Name of database Date of search Search terms Number of abstracts found Number included Number excluded

Below is an example of a completed search record from a social work student's dissertation. This is used with the kind permission of Becki Scotter who completed a social work qualification at the University of York in 2009 (with thanks to Ian Shaw for providing the example). Notice that Becki has altered the base template to provide space for the duplication of 'hits' that you find when searching many databases, and that she redid her search of some of the sources three months after her initial investigation, using a different range of keywords.

Date Database searched Keywords used A Hits B Hits C Hits D Hits
10/11/08 1.e-prints soton (University of Southampton) Search for key informant Interview publications. Traveller AND Education 23 10 3 2
9/01/09 1.Informa-World(Through Metalib gateway) Traveller Education 17 6 1 2
9/01/09 1.ASSIA
2.ESSCO
3.ISI
4.PsycInfo
5.Social Care Online
6.Social services abstracts
Traveller Education AND Social policy AND Social work 21
20
3
14
18
14
10
8
0
2
5
2
3
2
0
2
3
0
2
2
0
1
1
1
11/03/09 1.CSA Illuminata (Through ASSIA ) Travellers AND Education AND Social work 55 14 3 4
31/03/09 1.ASSIA
2.ISI
3.PsycInfo
4.CSA Illuminata
5.ZETOC
Social work AND Settled traveller AND Social services 2
1
2
14
2
1
1
1
6
2
0
1
1
5
2
1
0
0
1
0
Totals 10 databases used (UK and non-UK) 206 68 26 17

A.'Hits' = Number of journals identified on individual databases within the search criteria.
B. 'Relevant' = Journals identified through reading the abstracts as potentially relevant to the scoping study.
C. 'Duplicated' = Journals replicated within that search or other previously conducted searches.
D. 'Used' = Journals that are newly-sourced in that search and are not duplicated from used journals in previous searches.

Activity:

Time to combine all the skills that you have learned so far.

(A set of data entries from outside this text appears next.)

definition Phi :: "('a::euclidean_space \<Rightarrow> real) \<Rightarrow> 'a \<Rightarrow> complex" where
  "Phi nu \<xi> = integral\<^sup>L lborel (\<lambda>y.
      (1 - exp (\<i> * complex_of_real (\<xi> \<bullet> y))
         + \<i> * complex_of_real (\<xi> \<bullet> y) * complex_of_real (indicator (ball 0 1) y))
      * complex_of_real (nu y))"

definition Psi :: "('a::euclidean_space \<Rightarrow> real) \<Rightarrow> real \<Rightarrow> real" where
  "Psi nu r = Sup {Re (Phi nu \<xi>) | \<xi>. norm \<xi> \<le> r}"

definition Psi_inf :: "('a::euclidean_space \<Rightarrow> real) \<Rightarrow> real" where
  "Psi_inf nu = Lim at_top (Psi nu)"

definition Gamma_cone :: "'a::euclidean_space set \<Rightarrow> 'a set" where
  "Gamma_cone E = {y. y \<noteq> 0 \<and> scaleR (1 / norm y) y \<in> E}"

definition K_fun :: "'a::euclidean_space itself \<Rightarrow> (real \<Rightarrow> real) \<Rightarrow> real \<Rightarrow> ennreal" where
  "K_fun TYPE('a) f r = (SUP x\<in>{x::'a. norm x > 1}.
      ennreal (1 / f (norm x)) *
      (\<integral>\<^sup>+ y. indicator {y. norm (x - y) > r \<and> norm y > r} y
               * ennreal (f (norm (x - y)) * f (norm y)) \<partial>(lborel :: 'a measure)))"

end

theory Submission
  imports Defs
begin

text \<open>By Fubini and translation invariance the exponential moments of convolution powers factor:
  \<open>\<integral> exp (\<kappa> \<theta> \<bullet> z) \<nu>\<^sup>n\<^sup>*(z) dz = (\<integral> exp (\<kappa> \<theta> \<bullet> y) \<nu>(y) dy)\<^sup>n\<close>, so it suffices to bound the
  first moment uniformly in \<open>\<theta> \<in> E\<close>. On \<open>|y| \<le> r\<close> the weight is at most \<open>exp (\<kappa> r)\<close>. On
  \<open>|y| > r\<close> condition (C) writes \<open>exp (\<kappa> \<theta> \<bullet> y) \<nu>(y)\<close> as the limit of \<open>\<nu>(m\<theta> - y) \<nu>(y) / \<nu>(m\<theta>)\<close>;
  by Fatou, \<open>\<nu> \<le> C\<^sub>0 f\<close> and \<open>\<nu>(m\<theta>) \<ge> C\<^sub>1 f(m)\<close>, this part is at most \<open>(C\<^sub>0\<^sup>2/C\<^sub>1) K(r)\<close>,
  which is finite for large \<open>r\<close>. The tails of \<open>\<nu>\<^sup>n\<^sup>*\<close> vanish by induction on \<open>n\<close>, because
  \<open>|w + y| > R\<close> forces \<open>|w| > R/2\<close> or \<open>|y| > R/2\<close>. Finally \<open>\<Psi>(\<infinity>) \<ge> Re \<Phi>(b) > 0\<close> unless
  \<open>\<nu> = 0\<close> a.e., so the geometric bound can be absorbed into \<open>(C\<^sub>0/C\<^sub>1) (C\<^sub>1\<^sub>7 \<Psi>(\<infinity>))\<^sup>n\<close>.\<close>

lemma borel_measurable_conv_pow:
  assumes [measurable]: "nu \<in> borel_measurable lborel"
  shows "conv_pow nu n \<in> borel_measurable lborel"
proof -
  have "conv_pow nu (Suc m) \<in> borel_measurable lborel" for m
  proof (induction m)
    case (Suc m)
    then have [measurable]: "conv_pow nu (Suc m) \<in> borel_measurable lborel" .
    have "(\<lambda>(z, y). ennreal (nu (z - y)) * conv_pow nu (Suc m) y)
            \<in> borel_measurable (lborel \<Otimes>\<^sub>M lborel)"
      by measurable
    then show ?case
      by (simp add: lborel.borel_measurable_nn_integral)
  qed simp
  then show ?thesis
    by (cases n) simp_all
qed

lemma nn_integral_lborel_translate:
  fixes h :: "'a::euclidean_space \<Rightarrow> ennreal"
  assumes [measurable]: "h \<in> borel_measurable borel"
  shows "(\<integral>\<^sup>+ z. h z \<partial>lborel) = (\<integral>\<^sup>+ w. h (w + y) \<partial>lborel)"
proof -
  have "(\<integral>\<^sup>+ z. h z \<partial>lborel) = (\<integral>\<^sup>+ z. h z \<partial>distr lborel borel ((+) y))"
    by (simp add: lborel_distr_plus)
  also have "\<dots> = (\<integral>\<^sup>+ w. h (w + y) \<partial>lborel)"
    by (subst nn_integral_distr) (auto simp: add.commute)
  finally show ?thesis .
qed

lemma nn_integral_conv_pow_Suc_Suc:
  fixes nu :: "'a::euclidean_space \<Rightarrow> real" and g :: "'a \<Rightarrow> ennreal"
  assumes [measurable]: "nu \<in> borel_measurable lborel" "g \<in> borel_measurable lborel"
  shows "(\<integral>\<^sup>+ z. g z * conv_pow nu (Suc (Suc n)) z \<partial>lborel)
       = (\<integral>\<^sup>+ y. conv_pow nu (Suc n) y * (\<integral>\<^sup>+ w. g (w + y) * ennreal (nu w) \<partial>lborel) \<partial>lborel)"
proof -
  note [measurable] = borel_measurable_conv_pow[OF assms(1)]
  have "(\<integral>\<^sup>+ z. g z * conv_pow nu (Suc (Suc n)) z \<partial>lborel)
      = (\<integral>\<^sup>+ z. (\<integral>\<^sup>+ y. g z * ennreal (nu (z - y)) * conv_pow nu (Suc n) y \<partial>lborel) \<partial>lborel)"
    by (intro nn_integral_cong) (simp add: nn_integral_cmult mult.assoc)
  also have "\<dots> = (\<integral>\<^sup>+ y. (\<integral>\<^sup>+ z. g z * ennreal (nu (z - y)) * conv_pow nu (Suc n) y \<partial>lborel) \<partial>lborel)"
    by (rule lborel_pair.Fubini'[symmetric]) measurable
  also have "\<dots> = (\<integral>\<^sup>+ y. conv_pow nu (Suc n) y * (\<integral>\<^sup>+ z. g z * ennreal (nu (z - y)) \<partial>lborel) \<partial>lborel)"
    by (intro nn_integral_cong, subst nn_integral_cmult[symmetric]) (auto simp: mult_ac)
  also have "\<dots> = (\<integral>\<^sup>+ y. conv_pow nu (Suc n) y * (\<integral>\<^sup>+ w. g (w + y) * ennreal (nu w) \<partial>lborel) \<partial>lborel)"
  proof -
    have "(\<integral>\<^sup>+ z. g z * ennreal (nu (z - y)) \<partial>lborel)
        = (\<integral>\<^sup>+ w. g (w + y) * ennreal (nu w) \<partial>lborel)" for y
      by (subst nn_integral_lborel_translate[where y = y]) auto
    then show ?thesis by simp
  qed
  finally show ?thesis .
qed

definition exp_moment :: "('a::euclidean_space \<Rightarrow> real) \<Rightarrow> real \<Rightarrow> 'a \<Rightarrow> nat \<Rightarrow> ennreal" where
  "exp_moment nu \<kappa> \<theta> n = (\<integral>\<^sup>+ z. ennreal (exp (\<kappa> * (\<theta> \<bullet> z))) * conv_pow nu n z \<partial>lborel)"
(* Let $Q$ be a finite boolean combination (finite unions, intersections and complements) of principal quantifiers of the form $Q_A$ with $A\subseteq\mathbb{N}^d$ for a fixed $d$. Then for every $a\in(\mathbb{N}^d)^{<\omega}$ the orbit $\{g(a):g\in\mathrm{Aut}(Q)\}$ is definable in $\mathscr{L}_{\omega_1\omega}(Q)$.
   Context: For $A\subseteq\mathbb{N}^d$, the principal quantifier $Q_A=\{X\subseteq\mathbb{N}^d:A\subseteq X\}$ is a quantifier of type $\langle d\rangle$ on $\mathbb{N}$ (a family of subsets of $\mathbb{N}^d$). A permutation $g$ of $\mathbb{N}$ acts coordinatewise on tuples and on subsets by $g(X)=\{g(x):x\in X\}$; $g$ fixes $Q$ if $X\in Q\iff g(X)\in Q$ for all $X\subseteq\mathbb{N}^d$, and $\mathrm{Aut}(Q)$ is the group of such permutations. $\mathscr{L}_{\omega_1\omega}(Q)$ extends $\mathscr{L}_{\omega_1\omega}$ (countable conjunctions/disjunctions, finite quantifier strings) by formulas $Qx\,\varphi(x,y)$ ($x$ a $d$-tuple of variables) with $\mathbb{N}\models Qx\,\varphi(x,b)$ iff $\{a\in\mathbb{N}^d:\mathbb{N}\models\varphi(a,b)\}\in Q$. A set $B$ of tuples is definable in $\mathscr{L}_{\omega_1\omega}(Q)$ if there is a formula without parameters whose only non-logical symbol is $Q$ that defines $B$ in $\mathbb{N}$. *)

theory Defs
  imports Main
begin

definition tuples :: "nat \<Rightarrow> nat list set" where
  "tuples d = {a. length a = d}"

definition principal :: "nat \<Rightarrow> nat list set \<Rightarrow> nat list set set" where
  "principal d A = {X. X \<subseteq> tuples d \<and> A \<subseteq> X}"

inductive_set boolcomb :: "nat \<Rightarrow> nat list set set set" for d where
  prin: "A \<subseteq> tuples d \<Longrightarrow> principal d A \<in> boolcomb d"
| union: "Q1 \<in> boolcomb d \<Longrightarrow> Q2 \<in> boolcomb d \<Longrightarrow> Q1 \<union> Q2 \<in> boolcomb d"
| inter: "Q1 \<in> boolcomb d \<Longrightarrow> Q2 \<in> boolcomb d \<Longrightarrow> Q1 \<inter> Q2 \<in> boolcomb d"
| compl: "Q1 \<in> boolcomb d \<Longrightarrow> Pow (tuples d) - Q1 \<in> boolcomb d"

  • Create a search record table using the headings in either of the tables shown here.
  • Using the keywords that you have chosen, search a range of databases and other sources.
  • Make sure that you write down where you searched, when you searched and which keywords/operators you used. It is worth also recording any exclusion parameters you were able to set, such as the date of publication.
  • Save any abstracts that look useful and record the total number of potential finds that you have saved on your table against each database or search engine entry.
  • Now you need to read through the abstracts with your inclusion and exclusion criteria in mind, and exclude all that do not fit in with your focus. This can be hard when a paper looks particularly interesting, so put those in a separate file for future work.
  • Record the numbers that you have been able to include. It is worth checking how many are duplicates across different databases, otherwise you end up with a misleading final figure for the number of papers, books or reports you intend to include.